Later, further stations were connected to VME backplanes and 68k processors.
The 68k processors became the main processor bank.
Cambridge Ring Repeater Card
The repeater card took its power from the ring and could work in
isolation without a station card. In the absence of a station card,
it simply retimed the data whereas with a station card the data
was routed through the station for filling or emptying slots.
Cambridge Ring Station Card
The station card provided the means to send and receive data. The
station would place data in an empty slot and the slot would circulate
until it arrived at the receiver. There the receiver would have a number
of options which it would flag in a response field. It could take out
the data or not, thus providing flow control back to the transmitter.

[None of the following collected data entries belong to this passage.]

(* Let $(c_t)_{t=0}^\infty\subset\mathbb{S}^1$ be a sequence of unit vectors in $\mathbb{R}^2$ and $\omega:\mathsf{P}^2_+\to\mathbb{R}_{\ge0}$ a function with $\omega(X)\le C\sqrt{\lambda_{\max}(X)}$ for all $X\in\mathsf{P}^2_+$, for some constant $C>0$. Let $\lambda_0\ge4\sqrt2\,C+2$ and define $V_t\in\mathbb{R}^{2\times2}$ by $$V_0=\lambda_0\mathbb{I}_{2\times2},\qquad V_{t+1}=V_t+\omega(V_t)\big(a^+_{t+1}(a^+_{t+1})^{\mathsf T}+a^-_{t+1}(a^-_{t+1})^{\mathsf T}\big),$$ where $$a^\pm_{t+1}=\frac{c_t\pm\frac{1}{\sqrt{\lambda_{\min}(V_t)}}v_{t,\min}}{\sqrt{1\pm\frac{2\langle c_t,v_{t,\min}\rangle}{\sqrt{\lambda_{\min}(V_t)}}+\frac{1}{\lambda_{\min}(V_t)}}}$$ and $v_{t,\min}$ is a normalized eigenvector of $V_t$ for its minimum eigenvalue. Then $\lambda_{\min}(V_t)\ge\sqrt{2\lambda_{\max}(V_t)}$ for all $t\ge0$.
   Context: $\mathsf{P}^2_+$ denotes the set of real positive semidefinite $2\times2$ matrices; $\lambda_{\min},\lambda_{\max}$ are the minimal and maximal eigenvalues. *)

theory Defs
  imports "HOL-Analysis.Analysis"
begin

definition psd2 :: "real^2^2 \<Rightarrow> bool" where
  "psd2 X \<longleftrightarrow> transpose X = X \<and> (\<forall>x. 0 \<le> x \<bullet> (X *v x))"

definition eigvals2 :: "real^2^2 \<Rightarrow> real set" where
  "eigvals2 X = {l. \<exists>v. v \<noteq> 0 \<and> X *v v = l *\<^sub>R v}"

definition lam_min :: "real^2^2 \<Rightarrow> real" where
  "lam_min X = Min (eigvals2 X)"

definition lam_max :: "real^2^2 \<Rightarrow> real" where
  "lam_max X = Max (eigvals2 X)"

definition outer2 :: "real^2 \<Rightarrow> real^2^2" where
  "outer2 a = (\<chi> i j. a $ i * a $ j)"

end

theory Submission
  imports Defs
begin

text \<open>Write \<open>\<lambda>\<close> and \<open>\<mu>\<close> for the two eigenvalues of \<open>V\<^sub>t\<close>, \<open>v\<close> for the minimal unit eigenvector
  and \<open>s = 1/\<surd>\<lambda>\<close>. The vectors \<open>a\<^sup>\<pm>\<close> are exactly the normalisations of \<open>c\<^sub>t \<pm> s v\<close>, so the update
  adds \<open>2 \<omega>\<close> to the trace. For a minimal unit eigenvector \<open>u\<close> of \<open>V\<^sub>t\<^sub>+\<^sub>1\<close> and \<open>p = \<langle>u, v\<rangle>\<close>, the
  spectral decomposition of \<open>V\<^sub>t\<close> gives
  \<open>\<lambda>' = \<lambda> p\<^sup>2 + \<mu> (1 - p\<^sup>2) + \<omega> (\<langle>a\<^sup>+, u\<rangle>\<^sup>2 + \<langle>a\<^sup>-, u\<rangle>\<^sup>2)\<close>, and the Engel form of Cauchy-Schwarz
  bounds the last bracket below by \<open>2 p\<^sup>2 / (\<lambda> + 1)\<close>. If \<open>2 \<mu> \<le> \<lambda>\<^sup>2\<close>, the hypothesis on \<open>\<omega>\<close> gives
  \<open>4 \<omega> \<le> \<lambda> (\<lambda> - 2)\<close>, and these facts yield \<open>\<lambda>' \<ge> \<lambda>\<close> and \<open>\<lambda>'\<^sup>2 + 2 \<lambda>' \<ge> 2 tr V\<^sub>t\<^sub>+\<^sub>1 = 2 (\<lambda>' + \<mu>')\<close>.
  Hence \<open>2 \<mu> \<le> \<lambda>\<^sup>2\<close> is preserved by the recursion.\<close>

lemma inner_vec2: "(x::real^2) \<bullet> y = x$1 * y$1 + x$2 * y$2"
  by (simp add: inner_vec_def sum_2)
theorem mainTheorem16:
  fixes a :: "real ^ 'd \<Rightarrow> 'h::{real_inner, complete_space}"
    and \<phi> :: "real \<Rightarrow> real" and p :: real and k :: nat
  assumes D: "CARD('d) \<ge> 3"
    and k: "3 \<le> k" "k \<le> CARD('d)"
    and dict: "CMF_dictionary \<phi> p a"
    and rdiff: "\<exists>d. (\<phi> has_real_derivative d) (at 0 within {0..})"
  shows
    "(\<exists>x0>0. \<forall>\<Delta>>0. \<Delta> powr p < x0 \<longrightarrow>
        (\<forall>\<theta>s :: nat \<Rightarrow> real ^ 'd.
           (\<forall>l\<in>{1..k}. \<forall>l'\<in>{1..k}. l \<noteq> l' \<longrightarrow> pnorm_pow p (\<theta>s l - \<theta>s l') = 2 * \<Delta> powr p) \<and>
           (\<forall>l\<in>{1..k}. pnorm_pow p (\<theta>s l) = \<Delta> powr p) \<longrightarrow>
           (let y = (\<Sum>l=1..k. a (\<theta>s l)) in
              (\<forall>l\<in>{1..k}. \<bar>inner (a 0) y\<bar> > \<bar>inner (a (\<theta>s l)) y\<bar>) \<and>
              omp_first_choices a y \<inter> \<theta>s ` {1..k} = {})))
     \<and>
     (\<forall>lam>0. (\<forall>t\<ge>0. \<phi> t = exp (- lam * t)) \<longrightarrow>
        (\<forall>\<Delta>>0. \<Delta> powr p < ln (real k - 1) / lam \<longrightarrow>
        (\<forall>\<theta>s :: nat \<Rightarrow> real ^ 'd.
           (\<forall>l\<in>{1..k}. \<forall>l'\<in>{1..k}. l \<noteq> l' \<longrightarrow> pnorm_pow p (\<theta>s l - \<theta>s l') = 2 * \<Delta> powr p) \<and>
           (\<forall>l\<in>{1..k}. pnorm_pow p (\<theta>s l) = \<Delta> powr p) \<longrightarrow>
           (let y = (\<Sum>l=1..k. a (\<theta>s l)) in
              (\<forall>l\<in>{1..k}. \<bar>inner (a 0) y\<bar> > \<bar>inner (a (\<theta>s l)) y\<bar>) \<and>
              omp_first_choices a y \<inter> \<theta>s ` {1..k} = {}))))"
proof -
  \<comment> \<open>\<open>D\<close> and \<open>k \<le> CARD('d)\<close> only guarantee that equidistant configurations exist.\<close>
  have cmf: "CMF \<phi>" and "\<phi> 0 = 1" and lim: "(\<phi> \<longlongrightarrow> 0) at_top"
    and kernel: "\<And>\<theta> \<theta>'. inner (a \<theta>) (a \<theta>') = \<phi> (pnorm_pow p (\<theta> - \<theta>'))"
    using dict unfolding CMF_dictionary_def by auto
  have "2 < real k" using k by simp
  have beats: "\<forall>\<theta>s :: nat \<Rightarrow> real ^ 'd.
           (\<forall>l\<in>{1..k}. \<forall>l'\<in>{1..k}. l \<noteq> l' \<longrightarrow> pnorm_pow p (\<theta>s l - \<theta>s l') = 2 * \<Delta> powr p) \<and>
           (\<forall>l\<in>{1..k}. pnorm_pow p (\<theta>s l) = \<Delta> powr p) \<longrightarrow>
           (let y = (\<Sum>l=1..k. a (\<theta>s l)) in
              (\<forall>l\<in>{1..k}. \<bar>inner (a 0) y\<bar> > \<bar>inner (a (\<theta>s l)) y\<bar>) \<and>
              omp_first_choices a y \<inter> \<theta>s ` {1..k} = {})"
    if "0 < \<Delta>" and "1 + (real k - 1) * \<phi> (2 * \<Delta> powr p) < real k * \<phi> (\<Delta> powr p)" for \<Delta>
    using that k \<open>\<phi> 0 = 1\<close> CMF_nonneg[OF cmf, of "2 * \<Delta> powr p"]
    by (intro allI impI origin_beats_atoms[where a = a and \<phi> = \<phi> and p = p, OF kernel]) auto
  obtain d where "(\<phi> has_real_derivative d) (at 0 within {0..})"
    using rdiff by blast
  from CMF_two_scale_gap[OF cmf \<open>\<phi> 0 = 1\<close> lim this \<open>2 < real k\<close>]
  obtain x0 where "0 < x0"
    and gap: "\<And>x. 0 < x \<Longrightarrow> x < x0 \<Longrightarrow> 1 + (real k - 1) * \<phi> (2 * x) < real k * \<phi> x"
    by blast
  have small_gap: "1 + (real k - 1) * \<phi> (2 * \<Delta> powr p) < real k * \<phi> (\<Delta> powr p)"
    if "0 < \<Delta>" "\<Delta> powr p < x0" for \<Delta>
    using that by (simp add: gap)
  have exp_gap: "1 + (real k - 1) * \<phi> (2 * \<Delta> powr p) < real k * \<phi> (\<Delta> powr p)"
    if "0 < lam" "\<forall>t\<ge>0. \<phi> t = exp (- lam * t)" "0 < \<Delta>" "\<Delta> powr p < ln (real k - 1) / lam"
    for lam \<Delta> :: real
    using that exp_two_scale_gap[OF \<open>0 < lam\<close> _ \<open>2 < real k\<close>, of "\<Delta> powr p"] by simp
  show ?thesis
    using \<open>0 < x0\<close> by (intro conjI exI[of _ x0] beats allI impI) (blast intro: small_gap exp_gap)+
qed
(* Consider the protocol: for $t=1,\ldots,T$, the adversary reveals $\boldsymbol v_t\in\mathbb{R}^d$, the learner chooses $\boldsymbol w_t\in\mathbb{R}^d$ and predicts $\boldsymbol w_t^T\boldsymbol v_t$, the adversary reveals a loss $f_t(\boldsymbol w)=\ell_t(\boldsymbol w^T\boldsymbol v_t)$, and the learner suffers $\ell_t(\boldsymbol w_t^T\boldsymbol v_t)$. Let $B>0$ and $\mathcal{K}=\{\boldsymbol w\in\mathbb{R}^d:\ |\boldsymbol w^T\boldsymbol v_t|\le B\ \forall t\in[T]\}$. Suppose the $f_t$ are $\alpha$-exp-concave and $G$-Lipschitz, and the $\ell_t$ are Lipschitz smooth. Running FLH with learning rate $\zeta=\alpha$ and base learners $E^j$ being instances of the invariant Online Newton Step algorithm of Luo, Agarwal, Cesa-Bianchi and Langford (2016) started at time $j$ yields, for every comparator sequence $\boldsymbol z_1,\ldots,\boldsymbol z_T\in\mathcal{K}$, $$\sum_{t=1}^T\big(f_t(\boldsymbol w_t)-f_t(\boldsymbol z_t)\big)=\tilde O\big(d\sqrt{TV_T}\vee d^2\big),$$ where $V_T=\sum_{t=2}^T\|\boldsymbol z_t-\boldsymbol z_{t-1}\|$ and $\tilde O$ hides dependence on $G,\alpha$ and polylogarithmic factors of $T$.
   Context: $f$ is $\alpha$-exp-concave if $f(\boldsymbol y)\ge f(\boldsymbol x)+(\boldsymbol y-\boldsymbol x)^T\nabla f(\boldsymbol x)+\frac\alpha2((\boldsymbol y-\boldsymbol x)^T\nabla f(\boldsymbol x))^2$; $G$-Lipschitz means $|f(\boldsymbol x)-f(\boldsymbol y)|\le G\|\boldsymbol x-\boldsymbol y\|$ (Euclidean norm). $a\vee b=\max\{a,b\}$. FLH with learning rate $\zeta$ and base learners $E^1,\ldots,E^T$: maintain a probability vector $v_t\in\mathbb{R}^t$ with $v_1^{(1)}=1$; at round $t$ let $x_t^{(j)}$ be the prediction of $E^j$ for $j\le t$ and play $x_t=\sum_{j=1}^t v_t^{(j)}x_t^{(j)}$; after observing $f_t$ set $\hat v_{t+1}^{(i)}=v_t^{(i)}e^{-\zeta f_t(x_t^{(i)})}/\sum_{j=1}^t v_t^{(j)}e^{-\zeta f_t(x_t^{(j)})}$ for $i\le t$, then $v_{t+1}^{(t+1)}=1/(t+1)$ and $v_{t+1}^{(i)}=(1-(t+1)^{-1})\hat v_{t+1}^{(i)}$ for $i\le t$. The invariant ONS base learner has static regret $O(d^2\log T)$ against $\mathcal{K}$ under these assumptions. *)

theory Defs
  imports "HOL-Analysis.Analysis"
begin

text \<open>Vectors in R^d are represented as functions nat => real; only the
coordinates 0..d-1 are relevant.\<close>

definition dotd :: "nat \<Rightarrow> (nat \<Rightarrow> real) \<Rightarrow> (nat \<Rightarrow> real) \<Rightarrow> real" where
  "dotd d x y = (\<Sum>i<d. x i * y i)"

definition normd :: "nat \<Rightarrow> (nat \<Rightarrow> real) \<Rightarrow> real" where
  "normd d x = sqrt (\<Sum>i<d. (x i)\<^sup>2)"

definition exp_concave_on ::
  "nat \<Rightarrow> (nat \<Rightarrow> real) set \<Rightarrow> real \<Rightarrow> ((nat \<Rightarrow> real) \<Rightarrow> real)
     \<Rightarrow> ((nat \<Rightarrow> real) \<Rightarrow> (nat \<Rightarrow> real)) \<Rightarrow> bool" where
  "exp_concave_on d S \<alpha> f gf \<longleftrightarrow>
     (\<forall>x\<in>S. \<forall>y\<in>S. f y \<ge> f x + dotd d (\<lambda>i. y i - x i) (gf x)
                        + \<alpha> / 2 * (dotd d (\<lambda>i. y i - x i) (gf x))\<^sup>2)"

definition lipschitz_on_d ::
  "nat \<Rightarrow> (nat \<Rightarrow> real) set \<Rightarrow> real \<Rightarrow> ((nat \<Rightarrow> real) \<Rightarrow> real) \<Rightarrow> bool" where
  "lipschitz_on_d d S G f \<longleftrightarrow>
     (\<forall>x\<in>S. \<forall>y\<in>S. \<bar>f x - f y\<bar> \<le> G * normd d (\<lambda>i. x i - y i))"

text \<open>FLH weights: flh_w zeta f x t j is v_t^(j) (rounds t >= 1, experts 1..t),
where f t is the loss of round t and x j t the prediction of expert E^j at round t.\<close>
fun flh_w :: "real \<Rightarrow> (nat \<Rightarrow> 'a \<Rightarrow> real) \<Rightarrow> (nat \<Rightarrow> nat \<Rightarrow> 'a) \<Rightarrow> nat \<Rightarrow> nat \<Rightarrow> real" where
  "flh_w \<zeta> f x 0 = (\<lambda>i. 0)"
| "flh_w \<zeta> f x (Suc 0) = (\<lambda>i. if i = 1 then 1 else 0)"
| "flh_w \<zeta> f x (Suc (Suc t)) =
     (let w = flh_w \<zeta> f x (Suc t);
          Z = (\<Sum>j=1..Suc t. w j * exp (- \<zeta> * f (Suc t) (x j (Suc t))))
      in (\<lambda>i. if 1 \<le> i \<and> i \<le> Suc t
               then (1 - 1 / real (Suc (Suc t))) * (w i * exp (- \<zeta> * f (Suc t) (x i (Suc t))) / Z)
               else if i = Suc (Suc t) then 1 / real (Suc (Suc t)) else 0))"

definition flh_play ::
  "real \<Rightarrow> (nat \<Rightarrow> (nat \<Rightarrow> real) \<Rightarrow> real) \<Rightarrow> (nat \<Rightarrow> nat \<Rightarrow> (nat \<Rightarrow> real)) \<Rightarrow> nat \<Rightarrow> (nat \<Rightarrow> real)" where
  "flh_play \<zeta> f x t = (\<lambda>k. \<Sum>j=1..t. flh_w \<zeta> f x t j * x j t k)"

end

theory Submission
  imports Defs
begin

text \<open>Along \<open>v\<^sub>t\<close>, the exp-concavity inequality and the Lipschitz derivative of \<open>\<ell>\<^sub>t\<close>
  make \<open>exp (- \<alpha> \<ell>\<^sub>t)\<close> concave: \<open>\<ell>\<^sub>t' exp (- \<alpha> \<ell>\<^sub>t)\<close> can decrease over an interval only
  by a quadratically small amount, hence not at all. So the FLH mixture does not lose
  against the exponential-weights potential, and the standard potential argument bounds
  the regret of FLH on any interval \<open>[a, b]\<close> against the expert started at \<open>a\<close> by
  \<open>ln T / \<alpha>\<close>. That expert is within \<open>c d\<^sup>2 (1 + ln T)\<close> of the fixed point \<open>z\<^sub>a\<close>, which is
  within \<open>G\<close> times the path length of the moving comparator. Cutting \<open>[1, T]\<close> into blocks
  of length \<open>l\<close> bounds the dynamic regret by \<open>(T / l + 1) A + l G V\<^sub>T\<close> with
  \<open>A \<approx> d\<^sup>2 ln T\<close>; balancing \<open>l\<close>, or using the per-round bound \<open>1 / (2 \<alpha>)\<close> when no
  \<open>l \<ge> 1\<close> helps, gives \<open>O(d \<surd>(T V\<^sub>T) \<or> d\<^sup>2)\<close> up to logarithmic factors.\<close>

section \<open>Weights of Follow-the-Leading-History\<close>

lemma flh_w_update:
  assumes "t \<ge> 1" "1 \<le> i" "i \<le> t"
  shows "flh_w \<zeta> f x (Suc t) i = (1 - 1 / real (Suc t)) *
           (flh_w \<zeta> f x t i * exp (- \<zeta> * f t (x i t)) /
            (\<Sum>j=1..t. flh_w \<zeta> f x t j * exp (- \<zeta> * f t (x j t))))"
proof -
  obtain t0 where "t = Suc t0" using assms(1) by (cases t) auto
  then show ?thesis using assms by (simp add: Let_def)
qed

lemma flh_w_new_expert:
  assumes "t \<ge> 1"
  shows "flh_w \<zeta> f x t t = 1 / real t"
proof -
  consider "t = Suc 0" | t0 where "t = Suc (Suc t0)"
    using assms by (cases t; cases "t - 1") auto
  then show ?thesis by cases (auto simp: Let_def)
qed

lemma flh_w_pos:
  assumes "j \<in> {1..t}"
  shows "flh_w \<zeta> f x t j > 0"
  using assms
proof (induction t arbitrary: j)
  case 0
  then show ?case by simp
next
  case (Suc t)
  show ?case
  proof (cases "j = Suc t")
    case True
    then show ?thesis using flh_w_new_expert[of "Suc t" \<zeta> f x] by simp
  next
    case False
    with Suc.prems have j: "1 \<le> j" "j \<le> t" by auto
    define Z where "Z = (\<Sum>i=1..t. flh_w \<zeta> f x t i * exp (- \<zeta> * f t (x i t)))"
    have "Z > 0" unfolding Z_def using j by (intro sum_pos mult_pos_pos Suc.IH) auto
    have "1 - 1 / real (Suc t) > 0" using j by simp
    then have "(1 - 1 / real (Suc t)) * (flh_w \<zeta> f x t j * exp (- \<zeta> * f t (x j t)) / Z) > 0"
      using \<open>Z > 0\<close> Suc.IH[of j] j by simp
    then show ?thesis using flh_w_update[of t j \<zeta> f x] j by (simp add: Z_def)
  qed
qed

lemma flh_w_sum:
  assumes "t \<ge> 1"
  shows "(\<Sum>j=1..t. flh_w \<zeta> f x t j) = 1"
proof (cases "t = 1")
  case True
  then show ?thesis by simp
next
  case False
  with assms obtain s where t: "t = Suc s" and s: "s \<ge> 1" by (cases t) auto
  define Z where "Z = (\<Sum>j=1..s. flh_w \<zeta> f x s j * exp (- \<zeta> * f s (x j s)))"
  have "Z > 0" unfolding Z_def using s by (intro sum_pos mult_pos_pos flh_w_pos) auto
  have "(\<Sum>j=1..s. flh_w \<zeta> f x t j)
        = (\<Sum>j=1..s. (1 - 1 / real t) * (flh_w \<zeta> f x s j * exp (- \<zeta> * f s (x j s)) / Z))"
    unfolding t Z_def using s by (intro sum.cong refl flh_w_update) auto
  also have "\<dots> = (1 - 1 / real t) * (Z / Z)"
    unfolding Z_def sum_divide_distrib[symmetric] sum_distrib_left[symmetric] ..
  also have "\<dots> = 1 - 1 / real t" using \<open>Z > 0\<close> by (simp add: Z_def)
  finally show ?thesis using flh_w_new_expert[OF assms] by (simp add: t)
qed

lemma flh_w_le_1:
  assumes "j \<in> {1..t}"
  shows "flh_w \<zeta> f x t j \<le> 1"
proof -
  have "flh_w \<zeta> f x t j \<le> (\<Sum>i=1..t. flh_w \<zeta> f x t i)"
    using assms by (intro member_le_sum) (auto intro!: less_imp_le[OF flh_w_pos])
  then show ?thesis using assms flh_w_sum[of t \<zeta> f x] by simp
qed

text \<open>Here \<open>l t\<close> is the learner's loss in round \<open>t\<close>; \<open>mix\<close> is the mixture
  inequality that exp-concavity provides.\<close>

lemma flh_ln_weight_lower_bound:
  assumes mix: "\<And>t. t \<in> {1..T} \<Longrightarrow>
      (\<Sum>j=1..t. flh_w \<zeta> f x t j * exp (- \<zeta> * f t (x j t))) \<le> exp (- \<zeta> * l t)"
    and j: "1 \<le> j" and "j \<le> r" "r \<le> Suc T"
  shows "\<zeta> * (\<Sum>s\<in>{j..<r}. l s - f s (x j s)) \<le> ln (flh_w \<zeta> f x r j) + ln (real r)"
  using assms(3-)
proof (induction r rule: dec_induct)
  case base
  then show ?case using flh_w_new_expert[OF j, of \<zeta> f x] j by (simp add: ln_div)
next
  case (step t)
  have t: "t \<ge> 1" "t \<in> {1..T}" using step j by auto
  define Z where "Z = (\<Sum>i=1..t. flh_w \<zeta> f x t i * exp (- \<zeta> * f t (x i t)))"
  have "Z > 0" unfolding Z_def using t by (intro sum_pos mult_pos_pos flh_w_pos) auto
  have "ln Z \<le> - \<zeta> * l t"
    using mix[OF t(2)] \<open>Z > 0\<close> unfolding Z_def by (simp add: ln_le_cancel_iff[symmetric])
  have w: "flh_w \<zeta> f x t j > 0" using step.hyps(1) j by (auto intro: flh_w_pos)
  have "flh_w \<zeta> f x (Suc t) j
        = real t / real (Suc t) * (flh_w \<zeta> f x t j * exp (- \<zeta> * f t (x j t)) / Z)"
    using flh_w_update[OF t(1) j step.hyps(1)] by (simp add: Z_def field_simps)
  then have "ln (flh_w \<zeta> f x (Suc t) j)
      = ln (real t) - ln (real (Suc t)) + ln (flh_w \<zeta> f x t j) - \<zeta> * f t (x j t) - ln Z"
    using t w \<open>Z > 0\<close> by (simp add: ln_mult ln_div)
  then show ?case
    using step.IH step.prems \<open>ln Z \<le> - \<zeta> * l t\<close> step.hyps
    by (simp add: distrib_left algebra_simps)
qed

lemma flh_interval_regret:
  assumes mix: "\<And>t. t \<in> {1..T} \<Longrightarrow>
      (\<Sum>j=1..t. flh_w \<zeta> f x t j * exp (- \<zeta> * f t (x j t))) \<le> exp (- \<zeta> * l t)"
    and "1 \<le> j" "j \<le> r" "r \<le> T"
  shows "\<zeta> * (\<Sum>t=j..r. l t - f t (x j t)) \<le> ln (real r + 1)"
proof -
  have "\<zeta> * (\<Sum>t\<in>{j..<Suc r}. l t - f t (x j t)) \<le> ln (flh_w \<zeta> f x (Suc r) j) + ln (real (Suc r))"
    using assms by (intro flh_ln_weight_lower_bound[where T = T]) auto
  moreover have "ln (flh_w \<zeta> f x (Suc r) j) \<le> 0"
    using assms flh_w_pos[of j "Suc r" \<zeta> f x] flh_w_le_1[of j "Suc r" \<zeta> f x] by simp
  moreover have "{j..<Suc r} = {j..r}" by auto
  ultimately show ?thesis by (simp add: add.commute)
qed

The transmitter would always empty the slot and pass it on free
for another station to use in a fair way.
Unlike the ATM systems that followed, the 16 bits of data per cell
were too small to efficiently contain upper-layer addressing
information, such as port numbers, so the stations had to use source
addresses to demultiplex incoming blocks, and only one flow, or
segmentation and reassembly operation, between a pair of hosts could be
supported at one time. Indeed, to avoid the host device driver
from having to perform multiplexed reassembly, a hardware autoselect
system could be used so that a new transmitter received the busy
response from the destination if the destination was mid-block
from another source.
Cambridge Ring Z80 Tiny Server Card
This Z80 with 64Kbytes of RAM provided a cheap and simple host
that could be used for various management issues in the Cambridge
Distributed System. For instance, it might act as a resource
manager that keeps track of which servers are in use with which
terminal sessions.
My contribution to the cards shown on this page was the small chip
piggy-backed in the centre of the tiny server. I fitted this gate to
prevent the tiny-server making a spurious I/O cycle access into my own
attached hardware during interrupt acknowledge cycles.
Imagine asking a modern programmer to get all of the program code
and data buffers for an 8 port terminal concentrator into 64 Kbyte
address map!
Cambridge Ring Monitor Station
This view shows the monitor and logging station for one of the three rings
operational in 1985. The monitor station is screwed to the wall of the
Titan Room. The three main sections are the repeater, station and tiny
server. Each was wire-wrapped. A serial cable connects to a printer where the system log
was printed.
Cambridge Ring Station Inside CAP Computer
The CAP computer was an experimental computer
with capability-based access control implemented in hardware.
This view of the CAP shows one of the covers open, with
a wire-wrapped Cambridge Ring station mounted inside the cover.
Indeed, the whole of CAP was wire-wrapped. See R. Needham and
R. Walker "The Cambridge CAP computer and its protection system" in
ACM Symposium on OS Principles, pages 1--10, 1977.